Stored data:
theorem proposition6p12:
  fixes H M :: "'a set set"
  assumes "ASC H" and "M \<subseteq> H"
  shows "(\<forall>S. antichain M S \<longrightarrow> misses S H) \<longleftrightarrow> (\<exists>K. construction H K \<and> M \<subseteq> K)"
proof
  assume "\<forall>S. antichain M S \<longrightarrow> misses S H"
  then show "\<exists>K. construction H K \<and> M \<subseteq> K"
    using construction_through_family assms unfolding ASC_def antichains_miss_def by blast
next
  assume "\<exists>K. construction H K \<and> M \<subseteq> K"
  then obtain K where "construction H K" "M \<subseteq> K" by blast
  then show "\<forall>S. antichain M S \<longrightarrow> misses S H"
    using construction_antichains_miss antichains_miss_mono[of K H M H]
    unfolding antichains_miss_def by blast
qed

end
(* Let $S$ be a $\phi$-calibrated surrogate with potential $h:\mathcal{D}\to\mathbb{R}$, assume $\psi$ is injective, and suppose $h$ is $(1/\beta)$-strongly convex on $\mathcal{D}$ with respect to $\|\cdot\|_2$. Then for all $\varepsilon\ge0$, $$\zeta_h(\varepsilon)\ge\frac{\varepsilon^2}{2\beta\max_{z\neq z'}\|\psi(z)-\psi(z')\|_2^2}.$$
   Context: $\mathcal{Y},\mathcal{Z}$ finite sets ($|\mathcal{Z}|\ge2$), $\mathcal{H}$ a finite-dimensional real Euclidean space, $\psi:\mathcal{Z}\to\mathcal{H}$, $\phi:\mathcal{Y}\to\mathcal{H}$, $c\in\mathbb{R}$, $L(z,y)=\langle\psi(z),\phi(y)\rangle+c$. $\mu(q)=\sum_y q(y)\phi(y)$, $\mathcal{M}=\operatorname{hull}(\phi(\mathcal{Y}))$, $\ell(z,q)=\mathbb{E}_{Y\sim q}L(z,Y)$, $\delta\ell(z,q)=\ell(z,q)-\min_{z'}\ell(z',q)$. $z(u)$ is an element of $\arg\min_z\langle\psi(z),u\rangle$ (fixed tie-breaking). For $S:\mathcal{V}\times\mathcal{Y}\to\mathbb{R}$: $s(v,q)=\mathbb{E}_{Y\sim q}S(v,Y)$, $\delta s(v,q)=s(v,q)-\inf_{v'}s(v',q)$. $D_h(u',u)=h(u')-h(u)-\langle u'-u,\nabla h(u)\rangle$. $S$ is $\phi$-calibrated with potential $h$ if there exist convex $\mathcal{D}\supseteq\mathcal{M}$, strictly convex differentiable $h:\mathcal{D}\to\mathbb{R}$ and continuous bijection $t:\mathcal{D}\to\mathcal{V}$ with $\delta s(v,q)=D_h(\mu(q),t^{-1}(v))$ for all $v,q$. Decoding $d(v)=z(t^{-1}(v))$; $\zeta_h(\varepsilon)=\inf\{\delta s(v,q):\delta\ell(d(v),q)\ge\varepsilon\}$. Strong convexity: $h(u)\ge h(v)+\langle u-v,\nabla h(v)\rangle+\frac1{2\beta}\|u-v\|_2^2$ for $u,v\in\mathcal{D}$. *)

theory Defs
  imports "HOL-Analysis.Analysis"
begin

definition prob_simplex :: "('y::finite \<Rightarrow> real) set" where
  "prob_simplex = {q. (\<forall>y. 0 \<le> q y) \<and> (\<Sum>y\<in>UNIV. q y) = 1}"

definition strictly_convex_on :: "'a::real_vector set \<Rightarrow> ('a \<Rightarrow> real) \<Rightarrow> bool" where
  "strictly_convex_on D f \<longleftrightarrow>
     (\<forall>x\<in>D. \<forall>y\<in>D. \<forall>u::real. x \<noteq> y \<and> 0 < u \<and> u < 1 \<longrightarrow>
        f ((1 - u) *\<^sub>R x + u *\<^sub>R y) < (1 - u) * f x + u * f y)"

definition mu :: "('y::finite \<Rightarrow> 'h::real_vector) \<Rightarrow> ('y \<Rightarrow> real) \<Rightarrow> 'h" where
  "mu \<phi> q = (\<Sum>y\<in>UNIV. q y *\<^sub>R \<phi> y)"

definition ell :: "('z \<Rightarrow> 'h::real_inner) \<Rightarrow> ('y::finite \<Rightarrow> 'h) \<Rightarrow> real \<Rightarrow> 'z \<Rightarrow> ('y \<Rightarrow> real) \<Rightarrow> real" where
  "ell \<psi> \<phi> c z q = (\<Sum>y\<in>UNIV. q y * (inner (\<psi> z) (\<phi> y) + c))"

definition delta_ell :: "('z::finite \<Rightarrow> 'h::real_inner) \<Rightarrow> ('y::finite \<Rightarrow> 'h) \<Rightarrow> real \<Rightarrow> 'z \<Rightarrow> ('y \<Rightarrow> real) \<Rightarrow> real" where
  "delta_ell \<psi> \<phi> c z q = ell \<psi> \<phi> c z q - Min ((\<lambda>z'. ell \<psi> \<phi> c z' q) ` UNIV)"

definition s_exp :: "('v \<Rightarrow> 'y::finite \<Rightarrow> real) \<Rightarrow> 'v \<Rightarrow> ('y \<Rightarrow> real) \<Rightarrow> real" where
  "s_exp S v q = (\<Sum>y\<in>UNIV. q y * S v y)"

definition delta_s :: "('v \<Rightarrow> 'y::finite \<Rightarrow> real) \<Rightarrow> 'v set \<Rightarrow> 'v \<Rightarrow> ('y \<Rightarrow> real) \<Rightarrow> real" where
  "delta_s S V v q = s_exp S v q - Inf ((\<lambda>v'. s_exp S v' q) ` V)"

definition bregman :: "('h::real_inner \<Rightarrow> real) \<Rightarrow> ('h \<Rightarrow> 'h) \<Rightarrow> 'h \<Rightarrow> 'h \<Rightarrow> real" where
  "bregman h gh u' u = h u' - h u - inner (u' - u) (gh u)"

text \<open>Calibration function, with the convention \<open>inf \<emptyset> = \<infinity>\<close> (extended reals).\<close>
definition zeta :: "('v \<Rightarrow> 'y::finite \<Rightarrow> real) \<Rightarrow> 'v set \<Rightarrow> ('z::finite \<Rightarrow> 'h::real_inner)
    \<Rightarrow> ('y \<Rightarrow> 'h) \<Rightarrow> real \<Rightarrow> ('v \<Rightarrow> 'z) \<Rightarrow> real \<Rightarrow> ereal" where
  "zeta S V \<psi> \<phi> c d \<epsilon> =
     Inf {ereal (delta_s S V v q) | v q. v \<in> V \<and> q \<in> prob_simplex \<and> delta_ell \<psi> \<phi> c (d v) q \<ge> \<epsilon>}"

end

theory Submission
  imports Defs
begin

text \<open>The decoded prediction \<open>z(u)\<close> minimises \<open>\<langle>\<psi> z, u\<rangle>\<close>, so the target regret at \<open>q\<close> is at most
  \<open>\<langle>\<psi> z(u) - \<psi> z*, \<mu>(q) - u\<rangle> \<le> \<parallel>\<psi> z(u) - \<psi> z*\<parallel> \<parallel>\<mu>(q) - u\<parallel>\<close>, where \<open>z*\<close> is optimal for \<open>q\<close>.
  Strong convexity bounds the Bregman divergence \<open>D\<^sub>h(\<mu>(q), u)\<close>, i.e. the surrogate regret,
  from below by \<open>\<parallel>\<mu>(q) - u\<parallel>\<^sup>2 / (2\<beta>)\<close>; combining the two bounds gives the quadratic
  calibration function.\<close>

definition max_sq_separation :: "('z::finite \<Rightarrow> 'h::real_normed_vector) \<Rightarrow> real" where
  "max_sq_separation \<psi> = Max {(norm (\<psi> z - \<psi> z'))\<^sup>2 | z z'. z \<noteq> z'}"

lemma two_distinct_elements:
  assumes "CARD('z) \<ge> 2"
  obtains a b :: "'z::finite" where "a \<noteq> b"
proof -
  have "\<not> CARD('z) \<le> Suc 0"
    using assms by simp
  then show thesis
    using that by (auto simp: card_le_Suc0_iff_eq)
qed

lemma finite_sq_separations:
  "finite {(norm (\<psi> z - \<psi> z'))\<^sup>2 | z z'. z \<noteq> (z'::'z::finite)}"
proof -
  have "{(norm (\<psi> z - \<psi> z'))\<^sup>2 | z z'. z \<noteq> z'} \<subseteq> (\<lambda>(z, z'). (norm (\<psi> z - \<psi> z'))\<^sup>2) ` UNIV"
    by auto
  then show ?thesis
    by (rule finite_subset) simp
qed

lemma sq_separation_le_max:
  fixes \<psi> :: "'z::finite \<Rightarrow> 'h::real_normed_vector"
  assumes "CARD('z) \<ge> 2"
  shows "(norm (\<psi> z - \<psi> z'))\<^sup>2 \<le> max_sq_separation \<psi>"
proof (cases "z = z'")
  case True
  obtain a b :: 'z where "a \<noteq> b"
    using assms by (rule two_distinct_elements)
  then have "(norm (\<psi> a - \<psi> b))\<^sup>2 \<le> max_sq_separation \<psi>"
    unfolding max_sq_separation_def by (intro Max_ge[OF finite_sq_separations]) blast
  then have "0 \<le> max_sq_separation \<psi>"
    by (rule order_trans[OF zero_le_power2])
  then show ?thesis
    using True by simp
next
  case False
  then show ?thesis
    unfolding max_sq_separation_def by (intro Max_ge[OF finite_sq_separations]) blast
qed

lemma max_sq_separation_pos:
  fixes \<psi> :: "'z::finite \<Rightarrow> 'h::real_normed_vector"
  assumes "CARD('z) \<ge> 2" and "inj \<psi>"
  shows "max_sq_separation \<psi> > 0"
proof -
  obtain a b :: 'z where "a \<noteq> b"
    using assms(1) by (rule two_distinct_elements)
  then have "(norm (\<psi> a - \<psi> b))\<^sup>2 > 0"
    using \<open>inj \<psi>\<close> by (simp add: inj_eq)
  then show ?thesis
    using sq_separation_le_max[OF assms(1)] by (rule less_le_trans)
qed

lemma mu_in_convex_hull:
  assumes "q \<in> prob_simplex"
  shows "mu \<phi> q \<in> convex hull (range \<phi>)"
  unfolding mu_def
  using assms by (intro convex_sum) (auto simp: prob_simplex_def hull_inc)

lemma ell_eq_inner_mu:
  fixes \<psi> :: "'z \<Rightarrow> 'h::real_inner" and \<phi> :: "'y::finite \<Rightarrow> 'h"
  assumes "q \<in> prob_simplex"
  shows "ell \<psi> \<phi> c z q = inner (\<psi> z) (mu \<phi> q) + c"
proof -
  have "ell \<psi> \<phi> c z q = (\<Sum>y\<in>UNIV. q y * inner (\<psi> z) (\<phi> y)) + (\<Sum>y\<in>UNIV. q y) * c"
    unfolding ell_def by (simp add: algebra_simps sum.distrib sum_distrib_left sum_distrib_right)
  also have "\<dots> = inner (\<psi> z) (mu \<phi> q) + c"
    using assms by (simp add: prob_simplex_def mu_def inner_sum_right)
  finally show ?thesis .
qed

lemma delta_ell_eq_inner_mu:
  fixes \<psi> :: "'z::finite \<Rightarrow> 'h::real_inner"
  assumes "q \<in> prob_simplex"
  obtains z' where "delta_ell \<psi> \<phi> c z q = inner (\<psi> z - \<psi> z') (mu \<phi> q)"
proof -
  have "Min (range (\<lambda>z'. ell \<psi> \<phi> c z' q)) \<in> range (\<lambda>z'. ell \<psi> \<phi> c z' q)"
    by (intro Min_in) auto
  then obtain z' where "Min (range (\<lambda>z'. ell \<psi> \<phi> c z' q)) = ell \<psi> \<phi> c z' q"
    by blast
  then show ?thesis
    using that[of z'] assms by (simp add: delta_ell_def ell_eq_inner_mu inner_diff_left)
qed

lemma delta_ell_nonneg: "delta_ell \<psi> \<phi> c z q \<ge> 0"
  unfolding delta_ell_def by simp

lemma delta_ell_le_separation_mult_dist:
  fixes \<psi> :: "'z::finite \<Rightarrow> 'h::real_inner"
  assumes "q \<in> prob_simplex" and argmin: "\<forall>z'. inner (\<psi> z) u \<le> inner (\<psi> z') u"
  obtains z' where "delta_ell \<psi> \<phi> c z q \<le> norm (\<psi> z - \<psi> z') * norm (mu \<phi> q - u)"
proof -
  obtain z' where eq: "delta_ell \<psi> \<phi> c z q = inner (\<psi> z - \<psi> z') (mu \<phi> q)"
    using delta_ell_eq_inner_mu[OF assms(1)] .
  have "inner (\<psi> z - \<psi> z') u \<le> 0"
    using argmin by (simp add: inner_diff_left)
  then have "delta_ell \<psi> \<phi> c z q \<le> inner (\<psi> z - \<psi> z') (mu \<phi> q - u)"
    by (simp add: eq inner_diff_right)
  also have "\<dots> \<le> norm (\<psi> z - \<psi> z') * norm (mu \<phi> q - u)"
    by (rule norm_cauchy_schwarz)
  finally show ?thesis
    by (rule that)
qed

lemma delta_ell_sq_le:
  fixes \<psi> :: "'z::finite \<Rightarrow> 'h::real_inner"
  assumes "CARD('z) \<ge> 2" and "q \<in> prob_simplex"
    and "\<forall>z'. inner (\<psi> z) u \<le> inner (\<psi> z') u"
  shows "(delta_ell \<psi> \<phi> c z q)\<^sup>2 \<le> max_sq_separation \<psi> * (norm (mu \<phi> q - u))\<^sup>2"
proof -
  obtain z' where le: "delta_ell \<psi> \<phi> c z q \<le> norm (\<psi> z - \<psi> z') * norm (mu \<phi> q - u)"
    using delta_ell_le_separation_mult_dist[OF assms(2,3)] .
  have "(delta_ell \<psi> \<phi> c z q)\<^sup>2 \<le> (norm (\<psi> z - \<psi> z'))\<^sup>2 * (norm (mu \<phi> q - u))\<^sup>2"
    using power_mono[OF le delta_ell_nonneg, of 2] by (simp add: power_mult_distrib)
  also have "\<dots> \<le> max_sq_separation \<psi> * (norm (mu \<phi> q - u))\<^sup>2"
    using sq_separation_le_max[OF assms(1)] by (rule mult_right_mono) simp
  finally show ?thesis .
qed

lemma bregman_ge_of_strongly_convex:
  assumes "\<forall>u\<in>D. \<forall>w\<in>D. h u \<ge> h w + inner (u - w) (gh w) + (1 / (2 * \<beta>)) * (norm (u - w))\<^sup>2"
    and "u \<in> D" and "w \<in> D" and "\<beta> > 0"
  shows "(norm (u - w))\<^sup>2 \<le> 2 * \<beta> * bregman h gh u w"
proof -
  have "(1 / (2 * \<beta>)) * (norm (u - w))\<^sup>2 \<le> bregman h gh u w"
    using assms(1-3) unfolding bregman_def by force
  then show ?thesis
    using \<open>\<beta> > 0\<close> by (simp add: field_simps)
qed

theorem theoremD4:
  fixes \<psi> :: "'z::finite \<Rightarrow> 'h::euclidean_space"
    and \<phi> :: "'y::finite \<Rightarrow> 'h"
    and c :: real
    and zsel :: "'h \<Rightarrow> 'z"
    and S :: "'v::topological_space \<Rightarrow> 'y \<Rightarrow> real"
    and V :: "'v set"
    and D :: "'h set"
    and h :: "'h \<Rightarrow> real"
    and gh :: "'h \<Rightarrow> 'h"
    and t :: "'h \<Rightarrow> 'v"
    and \<beta> :: real
    and \<epsilon> :: real
  assumes card_Z: "CARD('z) \<ge> 2"
    and zsel_argmin: "\<forall>u z'. inner (\<psi> (zsel u)) u \<le> inner (\<psi> z') u"
    and D_convex: "convex D"
    and M_sub_D: "convex hull (range \<phi>) \<subseteq> D"
    and h_strict: "strictly_convex_on D h"
    and h_grad: "\<forall>u\<in>D. (h has_derivative (\<lambda>x. inner (gh u) x)) (at u within D)"
    and t_cont: "continuous_on D t"
    and t_bij: "bij_betw t D V"
    and calibrated: "\<forall>v\<in>V. \<forall>q\<in>prob_simplex. delta_s S V v q = bregman h gh (mu \<phi> q) (inv_into D t v)"
    and psi_inj: "inj \<psi>"
    and beta_pos: "\<beta> > 0"
    and strongly_convex: "\<forall>u\<in>D. \<forall>w\<in>D. h u \<ge> h w + inner (u - w) (gh w) + (1 / (2 * \<beta>)) * (norm (u - w))\<^sup>2"
    and eps_nonneg: "\<epsilon> \<ge> 0"
  shows "zeta S V \<psi> \<phi> c (\<lambda>v. zsel (inv_into D t v)) \<epsilon>
           \<ge> ereal (\<epsilon>\<^sup>2 / (2 * \<beta> * Max {(norm (\<psi> z - \<psi> z'))\<^sup>2 | z z'. z \<noteq> z'}))"
  unfolding zeta_def max_sq_separation_def[symmetric]
proof (rule Inf_greatest, clarify)
  fix v q
  assume v: "v \<in> V" and q: "q \<in> prob_simplex"
    and regret: "\<epsilon> \<le> delta_ell \<psi> \<phi> c (zsel (inv_into D t v)) q"
  define u where "u = inv_into D t v"
  have "u \<in> D"
    unfolding u_def using t_bij v by (metis bij_betw_def inv_into_into)
  moreover have "mu \<phi> q \<in> D"
    using mu_in_convex_hull[OF q] M_sub_D by blast
  ultimately have dist: "(norm (mu \<phi> q - u))\<^sup>2 \<le> 2 * \<beta> * delta_s S V v q"
    using bregman_ge_of_strongly_convex[OF strongly_convex _ _ beta_pos] calibrated v q u_def
    by simp
  have argmin: "\<forall>z'. inner (\<psi> (zsel u)) u \<le> inner (\<psi> z') u"
    using zsel_argmin by blast
  have sep_pos: "max_sq_separation \<psi> > 0"
    using max_sq_separation_pos[OF card_Z psi_inj] .
  have "\<epsilon>\<^sup>2 \<le> (delta_ell \<psi> \<phi> c (zsel u) q)\<^sup>2"
    using power_mono[OF regret eps_nonneg] unfolding u_def .
  also have "\<dots> \<le> max_sq_separation \<psi> * (norm (mu \<phi> q - u))\<^sup>2"
    by (rule delta_ell_sq_le[OF card_Z q argmin])
  also have "\<dots> \<le> max_sq_separation \<psi> * (2 * \<beta> * delta_s S V v q)"
    using dist sep_pos by (intro mult_left_mono) auto
  finally have "\<epsilon>\<^sup>2 / (2 * \<beta> * max_sq_separation \<psi>) \<le> delta_s S V v q"
    using beta_pos sep_pos by (simp add: pos_divide_le_eq algebra_simps)
  then show "ereal (\<epsilon>\<^sup>2 / (2 * \<beta> * max_sq_separation \<psi>)) \<le> ereal (delta_s S V v q)"
    by simp
qed

end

What to work on -> Using the records above, restate word for word the lines from the one with "using delta_ell_eq_inner_mu[OF assms(1)]" through the one with "by (simp add: eq inner_diff_right)", both included.

Answer space ->
    using delta_ell_eq_inner_mu[OF assms(1)] .
  have "inner (\<psi> z - \<psi> z') u \<le> 0"
    using argmin by (simp add: inner_diff_left)
  then have "delta_ell \<psi> \<phi> c z q \<le> inner (\<psi> z - \<psi> z') (mu \<phi> q - u)"
    by (simp add: eq inner_diff_right)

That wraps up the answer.